Vanhorn v. Locklear Automotive Group, Inc.
MEMORANDUM OPINION. Signed by Judge James H Hancock on 7/22/2015. (JLC)
2015 Jul-22 AM 09:41
U.S. DISTRICT COURT
N.D. OF ALABAMA
IN THE UNITED STATES DISTRICT COURT
NORTHERN DISTRICT OF ALABAMA
The court has before it the June 17, 2015 Motion (Doc. #3) to Dismiss Without
Prejudice, Or, In the Alternative Motion to Stay Action and To Compel Arbitration
filed by Defendant Locklear Automotive Group, Inc. Pursuant to the court’s June 18,
2015 order (Doc. # 4), Plaintiff filed a Response (Doc. #5) in Opposition on July 2,
2015, and Defendant filed a Reply (Doc. #6) on July 8, 2015. The Motion (Doc. #3)

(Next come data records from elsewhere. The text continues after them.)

(* Let $X$ be a countable set and $\mathcal{A},\mathcal{B}\subseteq\mathcal{P}_\infty(X)$ be $C$-measurable M-families. Then $\mathcal{A}\cap\mathcal{B}$ is an M-family.
   Context: $\mathcal{P}_\infty(X)$: infinite subsets of $X$ with the topology of $2^X$. $C$-measurable: in the smallest $\sigma$-algebra containing the open sets and closed under the Souslin operation. An M-family is a hereditary (closed under infinite subsets) family $\mathcal{A}$ such that for every sequence $(A_n)_n$ in $\mathcal{A}$ there is $A\in\mathcal{A}$ with $A\setminus\bigcup_{i\ge n}A_i$ finite for every $n$. *)

theory Defs
  imports "HOL-Analysis.Analysis"
begin

definition Pinf :: "'a set \<Rightarrow> 'a set set" where
  "Pinf X = {A. A \<subseteq> X \<and> infinite A}"

text \<open>Basic open sets of the Cantor space \<open>2^X\<close> (identified with \<open>Pow X\<close>):
  sets containing the finite set \<open>F\<close> and disjoint from the finite set \<open>G\<close>.\<close>
definition cyl :: "'a set \<Rightarrow> 'a set \<Rightarrow> 'a set \<Rightarrow> 'a set set" where
  "cyl X F G = {A. A \<subseteq> X \<and> F \<subseteq> A \<and> A \<inter> G = {}}"

text \<open>Open subsets of \<open>2^X\<close> in the product topology.\<close>
definition cantor_open :: "'a set \<Rightarrow> 'a set set \<Rightarrow> bool" where
  "cantor_open X U \<longleftrightarrow> U \<subseteq> Pow X \<and>
     (\<forall>A\<in>U. \<exists>F G. finite F \<and> finite G \<and> F \<subseteq> X \<and> G \<subseteq> X \<and> A \<in> cyl X F G \<and> cyl X F G \<subseteq> U)"

definition souslin :: "(nat list \<Rightarrow> 'b set) \<Rightarrow> 'b set" where
  "souslin S = (\<Union>\<sigma>::nat \<Rightarrow> nat. \<Inter>n. S (map \<sigma> [0..<Suc n]))"

text \<open>C-measurable subsets of \<open>P_\<infinity>(X)\<close>: the smallest \<sigma>-algebra on \<open>P_\<infinity>(X)\<close>
  containing the (relatively) open sets and closed under the Souslin operation.\<close>
inductive_set Cmeas :: "'a set \<Rightarrow> 'a set set set" for X :: "'a set" where
  open_in: "cantor_open X U \<Longrightarrow> U \<inter> Pinf X \<in> Cmeas X"
| compl: "A \<in> Cmeas X \<Longrightarrow> Pinf X - A \<in> Cmeas X"
| cunion: "(\<And>n::nat. A n \<in> Cmeas X) \<Longrightarrow> (\<Union>n. A n) \<in> Cmeas X"
| souslin: "(\<And>s. S s \<in> Cmeas X) \<Longrightarrow> souslin S \<in> Cmeas X"

definition M_family :: "'a set \<Rightarrow> 'a set set \<Rightarrow> bool" where
  "M_family X \<A> \<longleftrightarrow> \<A> \<subseteq> Pinf X
     \<and> (\<forall>A\<in>\<A>. \<forall>B. B \<subseteq> A \<and> infinite B \<longrightarrow> B \<in> \<A>)
     \<and> (\<forall>As::nat \<Rightarrow> 'a set. (\<forall>n. As n \<in> \<A>) \<longrightarrow>
          (\<exists>A\<in>\<A>. \<forall>n. finite (A - (\<Union>i\<in>{n..}. As i))))"

end

theory Submission
  imports Defs
begin
abbreviation htp :: "nat \<Rightarrow> int \<Rightarrow> nat \<Rightarrow> int \<Rightarrow> 'k::field cmap \<Rightarrow> 'k cmap \<Rightarrow> bool" where
  "htp i a j b f g \<equiv> homotopic (Xsh i a :: 'k cplx) (Xsh j b) f g"

lemma htp_refl: "htp i a j b f f"
  unfolding homotopic_Xsh_iff htpy_Xsh_def by (intro exI[of _ "\<lambda>_. 0"]) (simp add: dsub_def)

lemma htpy_Xsh_sym: "htpy_Xsh i a j b f g x \<Longrightarrow> htpy_Xsh i a j b g f (\<lambda>n. - x n)"
proof -
  have "dsub (g n r c) (f n r c) =
        (- fst (dsub (f n r c) (g n r c)), - snd (dsub (f n r c) (g n r c)))"
    for n r c
    by (simp add: dsub_def)
  then show "htpy_Xsh i a j b f g x \<Longrightarrow> htpy_Xsh i a j b g f (\<lambda>n. - x n)"
    unfolding htpy_Xsh_def by auto
qed

lemma htpy_Xsh_trans:
  "htpy_Xsh i a j b f g x \<Longrightarrow> htpy_Xsh i a j b g h y \<Longrightarrow> htpy_Xsh i a j b f h (\<lambda>n. x n + y n)"
proof -
  have "dsub (f n r c) (h n r c) =
        (fst (dsub (f n r c) (g n r c)) + fst (dsub (g n r c) (h n r c)),
         snd (dsub (f n r c) (g n r c)) + snd (dsub (g n r c) (h n r c)))" for n r c
    by (simp add: dsub_def)
  then show "htpy_Xsh i a j b f g x \<Longrightarrow> htpy_Xsh i a j b g h y \<Longrightarrow> ?thesis"
    unfolding htpy_Xsh_def by (auto simp: algebra_simps)
qed

lemma htpy_Xsh_cscale:
  "htpy_Xsh i a j b f g x \<Longrightarrow> htpy_Xsh i a j b (cscale k f) (cscale k g) (\<lambda>n. k * x n)"
proof -
  have "dsub (cscale k f n r c) (cscale k g n r c) =
        (k * fst (dsub (f n r c) (g n r c)), k * snd (dsub (f n r c) (g n r c)))" for n r c
    by (simp add: dsub_def cscale_def dscale_def algebra_simps)
  then show "htpy_Xsh i a j b f g x \<Longrightarrow> ?thesis"
    unfolding htpy_Xsh_def by (auto simp: algebra_simps)
qed

lemma htp_sym: "htp i a j b f g \<Longrightarrow> htp i a j b g f"
  unfolding homotopic_Xsh_iff by (blast intro: htpy_Xsh_sym)

lemma htp_trans [trans]: "htp i a j b f g \<Longrightarrow> htp i a j b g h \<Longrightarrow> htp i a j b f h"
  unfolding homotopic_Xsh_iff by (blast intro: htpy_Xsh_trans)

lemma htp_cscale: "htp i a j b f g \<Longrightarrow> htp i a j b (cscale k f) (cscale k g)"
  unfolding homotopic_Xsh_iff by (blast intro: htpy_Xsh_cscale)

lemma htp_cadd_left: "htp i a j b f g \<Longrightarrow> htp i a j b (cadd k f) (cadd k g)"
  unfolding homotopic_Xsh_iff htpy_Xsh_def by (simp add: dsub_def cadd_def dadd_def)

lemma htp_fst: "htp i a j b f g \<Longrightarrow> fst (f n r c) = fst (g n r c)"
proof -
  assume "htp i a j b f g"
  then obtain x where "htpy_Xsh i a j b f g x" unfolding homotopic_Xsh_iff ..
  then have "fst (dsub (f n r c) (g n r c)) = 0" unfolding htpy_Xsh_def by simp
  then show ?thesis by (simp add: dsub_def)
qed

definition czero :: "'k::field cmap" where
  "czero = (\<lambda>n r c. (0, 0))"

lemma cscale_cscale: "cscale a (cscale b f) = cscale (a * b) f"
  by (simp add: cscale_def dscale_def fun_eq_iff)

lemma cscale_one: "cscale 1 f = f"
  by (simp add: cscale_def dscale_def fun_eq_iff)

lemma cscale_zero: "cscale 0 f = czero"
  by (simp add: cscale_def dscale_def fun_eq_iff czero_def)

lemma cadd_czero: "cadd f czero = f"
  by (simp add: cadd_def dadd_def fun_eq_iff czero_def)

lemma cadd_cscale_neg: "cadd (cscale (-1) f) f = czero"
  by (simp add: cadd_def dadd_def cscale_def dscale_def fun_eq_iff czero_def)

lemma chain_Xsh_czero: "chain_Xsh i a j b czero"
  by (simp add: chain_Xsh_def czero_def)

lemma chain_Xsh_cscale: "chain_Xsh i a j b f \<Longrightarrow> chain_Xsh i a j b (cscale k f)"
  unfolding chain_Xsh_def cscale_def dscale_def by (auto split: if_splits)

lemma ccomp_Xsh:
  assumes "chain_Xsh i a j b f" "chain_Xsh j b l e g"
  shows "ccomp (Xsh j b) g f n r c =
         (if r = 0 \<and> c = 0 \<and> supp_Xsh j b n then amul (g n 0 0) (f n 0 0) else (0, 0))"
  using chain_Xsh_vanish[OF assms(1), of 0 c n] chain_Xsh_vanish[OF assms(2), of r 0 n]
  by (auto simp: ccomp_def mmul_rank_le1 rk_Xsh amul_def)
(* Let $V$ be an $n$-dimensional real vector space with a non-degenerate inner product $g^\flat=\langle\,,\,\rangle$ of signature $\{p,q\}$, and let $r=\min(p,q)$. Let $\Pi$ be a totally degenerate linear subspace of dimension $r$ with basis $\{k_1,\dots,k_r\}$. Let $T$ be an $r$-dimensional subspace on which $g^\flat$ is negative definite (if $p\le q$) or positive definite (if $p\ge q$), and write $v=v^\parallel+v^\perp$ according to $V=T\oplus T^\perp$. Then: (i) $\{k_1^\parallel,\dots,k_r^\parallel\}$ is linearly independent; (ii) $\{k_1^\perp,\dots,k_r^\perp\}$ is linearly independent; (iii) $\Pi_T:=\operatorname{span}\{k_1^\parallel,\dots,k_r^\parallel,k_1^\perp,\dots,k_r^\perp\}$ is $2r$-dimensional, $g^\flat|_{\Pi_T}$ has signature $\{r,r\}$, and there is an orthonormal basis $\{e_1,\dots,e_{2r}\}$ of $\Pi_T$ with (a) $\operatorname{span}\{e_1,\dots,e_r\}=\operatorname{span}\{k_1^\parallel,\dots,k_r^\parallel\}$, (b) $\operatorname{span}\{e_{r+1},\dots,e_{2r}\}=\operatorname{span}\{k_1^\perp,\dots,k_r^\perp\}$, (c) $\Pi=\operatorname{span}\{e_1+e_{r+1},\dots,e_r+e_{2r}\}$; (iv) a vector $v\in V$ is orthogonal to $\Pi$ if and only if there exists $\overline v\in\Pi_T^\perp$ with $v-\overline v\in\Pi$.
   Context: A linear subspace $\Pi\subset V$ is totally degenerate if $g^\flat$ restricted to $\Pi$ vanishes identically; such subspaces have dimension at most $\min(p,q)$. *)

theory Defs
  imports "HOL-Analysis.Analysis"
begin

text \<open>A symmetric bilinear form B on a finite-dimensional real vector space 'a
  (the Euclidean structure of 'a is only used for finite dimensionality;
  the relevant form is B).\<close>

definition nondeg_sym_form :: "('a::euclidean_space \<Rightarrow> 'a \<Rightarrow> real) \<Rightarrow> bool" where
  "nondeg_sym_form B \<longleftrightarrow> bilinear B \<and> (\<forall>x y. B x y = B y x) \<and>
     (\<forall>x. (\<forall>y. B x y = 0) \<longrightarrow> x = 0)"

definition pos_def_on :: "('a::real_vector \<Rightarrow> 'a \<Rightarrow> real) \<Rightarrow> 'a set \<Rightarrow> bool" where
  "pos_def_on B S \<longleftrightarrow> (\<forall>x\<in>S. x \<noteq> 0 \<longrightarrow> B x x > 0)"

definition neg_def_on :: "('a::real_vector \<Rightarrow> 'a \<Rightarrow> real) \<Rightarrow> 'a set \<Rightarrow> bool" where
  "neg_def_on B S \<longleftrightarrow> (\<forall>x\<in>S. x \<noteq> 0 \<longrightarrow> B x x < 0)"

definition sig_pos :: "('a::euclidean_space \<Rightarrow> 'a \<Rightarrow> real) \<Rightarrow> 'a set \<Rightarrow> nat" where
  "sig_pos B W = Max {dim S | S. subspace S \<and> S \<subseteq> W \<and> pos_def_on B S}"

definition sig_neg :: "('a::euclidean_space \<Rightarrow> 'a \<Rightarrow> real) \<Rightarrow> 'a set \<Rightarrow> nat" where
  "sig_neg B W = Max {dim S | S. subspace S \<and> S \<subseteq> W \<and> neg_def_on B S}"

definition totally_degenerate :: "('a::real_vector \<Rightarrow> 'a \<Rightarrow> real) \<Rightarrow> 'a set \<Rightarrow> bool" where
  "totally_degenerate B P \<longleftrightarrow> subspace P \<and> (\<forall>x\<in>P. \<forall>y\<in>P. B x y = 0)"

definition orth_compl :: "('a::real_vector \<Rightarrow> 'a \<Rightarrow> real) \<Rightarrow> 'a set \<Rightarrow> 'a set" where
  "orth_compl B S = {v. \<forall>t\<in>S. B v t = 0}"

definition par_part :: "('a::real_vector \<Rightarrow> 'a \<Rightarrow> real) \<Rightarrow> 'a set \<Rightarrow> 'a \<Rightarrow> 'a" where
  "par_part B T v = (THE t. t \<in> T \<and> v - t \<in> orth_compl B T)"

definition perp_part :: "('a::real_vector \<Rightarrow> 'a \<Rightarrow> real) \<Rightarrow> 'a set \<Rightarrow> 'a \<Rightarrow> 'a" where
  "perp_part B T v = v - par_part B T v"

definition lin_indep_family :: "(nat \<Rightarrow> 'a::real_vector) \<Rightarrow> nat \<Rightarrow> bool" where
  "lin_indep_family f m \<longleftrightarrow> inj_on f {..<m} \<and> independent (f ` {..<m})"

definition orthonormal_basis :: "('a::real_vector \<Rightarrow> 'a \<Rightarrow> real) \<Rightarrow> 'a set \<Rightarrow> (nat \<Rightarrow> 'a) \<Rightarrow> nat \<Rightarrow> bool" where
  "orthonormal_basis B W e m \<longleftrightarrow> lin_indep_family e m \<and> span (e ` {..<m}) = W \<and>
     (\<forall>i<m. \<forall>j<m. i \<noteq> j \<longrightarrow> B (e i) (e j) = 0) \<and>
     (\<forall>i<m. B (e i) (e i) = 1 \<or> B (e i) (e i) = -1)"

end

theory Submission
  imports Defs
begin

text \<open>By symmetry (replace \<open>B\<close> by \<open>-B\<close>) we may assume \<open>T\<close> negative definite; then
  \<open>r = p\<close>, so \<open>T\<close> is a maximal negative definite subspace, which forces \<open>T\<^sup>\<bottom>\<close> to be
  positive definite. Isotropy of \<open>\<Pi>\<close> gives \<open>\<langle>x\<^sup>\<parallel>, y\<^sup>\<parallel>\<rangle> = - \<langle>x\<^sup>\<bottom>, y\<^sup>\<bottom>\<rangle>\<close> for \<open>x, y \<in> \<Pi>\<close>;
  hence both projections are injective on \<open>\<Pi>\<close>, giving (i) and (ii). Lifting an orthonormal
  basis \<open>e\<^sub>1, \<dots>, e\<^sub>r\<close> of \<open>\<Pi>\<^sup>\<parallel>\<close> to \<open>p\<^sub>i \<in> \<Pi>\<close> and putting \<open>e\<^sub>r\<^sub>+\<^sub>i = p\<^sub>i\<^sup>\<bottom>\<close>,
  the same identity makes \<open>e\<^sub>1, \<dots>, e\<^sub>2\<^sub>r\<close> orthonormal with \<open>e\<^sub>i + e\<^sub>r\<^sub>+\<^sub>i = p\<^sub>i\<close>.
  The signature of \<open>\<Pi>\<^sub>T\<close> follows since \<open>\<Pi>\<^sup>\<parallel>\<close> and \<open>\<Pi>\<^sup>\<bottom>\<close> are definite of opposite signs
  and of dimension \<open>r\<close> each, and (iv) by expanding in this basis.\<close>

lemma lin_indep_family_iff:
  "lin_indep_family f m \<longleftrightarrow> (\<forall>c. (\<Sum>i<m. c i *\<^sub>R f i) = 0 \<longrightarrow> (\<forall>i<m. c i = 0))"
proof
  assume "lin_indep_family f m"
  hence inj: "inj_on f {..<m}" and ind: "independent (f ` {..<m})"
    by (auto simp: lin_indep_family_def)
  show "\<forall>c. (\<Sum>i<m. c i *\<^sub>R f i) = 0 \<longrightarrow> (\<forall>i<m. c i = 0)"
  proof (intro allI impI)
    fix c i assume zero: "(\<Sum>i<m. c i *\<^sub>R f i) = 0" and i: "i < m"
    define u where "u v = c (the_inv_into {..<m} f v)" for v
    have "(\<Sum>v\<in>f ` {..<m}. u v *\<^sub>R v) = (\<Sum>i<m. c i *\<^sub>R f i)"
      by (simp add: sum.reindex[OF inj] u_def the_inv_into_f_f[OF inj])
    hence "u (f i) = 0"
      using ind zero i dependent_finite[of "f ` {..<m}"] by auto
    thus "c i = 0" using i by (simp add: u_def the_inv_into_f_f[OF inj])
  qed
next
  assume coeffs: "\<forall>c. (\<Sum>i<m. c i *\<^sub>R f i) = 0 \<longrightarrow> (\<forall>i<m. c i = 0)"
  have inj: "inj_on f {..<m}"
  proof (rule inj_onI, rule ccontr)
    fix i j assume ij: "i \<in> {..<m}" "j \<in> {..<m}" "f i = f j" "i \<noteq> j"
    define c where "c l = (if l = i then 1 else 0) - (if l = j then 1 else (0::real))" for l
    have "(\<Sum>l<m. c l *\<^sub>R f l) = (\<Sum>l<m. (if l = i then f l else 0) - (if l = j then f l else 0))"
      by (rule sum.cong) (auto simp: c_def scaleR_left_diff_distrib)
    also have "\<dots> = f i - f j" using ij by (simp add: sum_subtractf)
    finally have "(\<Sum>l<m. c l *\<^sub>R f l) = 0" using ij by simp
    hence "c i = 0" using coeffs ij by blast
    thus False using ij by (simp add: c_def)
  qed
  have "independent (f ` {..<m})"
    unfolding dependent_finite[OF finite_imageI[OF finite_lessThan]]
  proof (clarify)
    fix u i assume "(\<Sum>v\<in>f ` {..<m}. u v *\<^sub>R v) = 0" "i < m" "u (f i) \<noteq> 0"
    thus False using coeffs[rule_format, of "\<lambda>i. u (f i)"] by (simp add: sum.reindex[OF inj])
  qed
  thus "lin_indep_family f m" using inj by (simp add: lin_indep_family_def)
qed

is now under submission, without oral argument, and due to be granted for the
A. Procedural History
Plaintiff filed the instant Complaint (Doc. #1) on March 19, 2015, alleging
violations of 42 U.S.C. § 1981 and Title VII of the Civil Rights Act of 1964, as
amended, 42 U.S.C. §§ 2000e et seq.
Specifically, Vanhorn alleges that his
employment with Locklear Automotive was discriminated against and ultimately
terminated because of his race, African American. (See generally Compl.) On June
17, 2015, Defendant filed a Motion (Doc. #3) to Dismiss Without Prejudice, Or, In
the Alternative Motion to Stay Action and To Compel Arbitration. The Motion, as
supported by the accompanying Memorandum of Law, asserts that Plaintiff signed
an Arbitration Agreement whereby he agreed that any dispute relating to his
employment would be resolved through arbitration. (See Exh. A to Doc. #3.)
B. Arbitration Agreement
At the inception of his employment with Locklear Automotive, on September
16, 2013, Vanhorn
and Defendant mutually executed a written Arbitration
Agreement (the “Agreement”). (Exh. A to Doc. #3.) The Agreement provides:
[T]he Employer and Employee mutually agree that all
disputes not barred by applicable statutes of limitations,
resulting from or arising out of said employment (including
but not limited to . . . the benefits and conditions of
employment . . . ; the relationship between the Employer
and the Employee and other Employees of the Employer;
the working conditions while employed; the terms, manner
and conditions of termination (voluntary or involuntary);
the Employer’s compliance with any state and/or federal
employment and civil rights rules, regulations and laws . .
.) shall be submitted to BINDING ARBITRATION,
pursuant to the provisions of 9 U.S.C. Section 1, et seq.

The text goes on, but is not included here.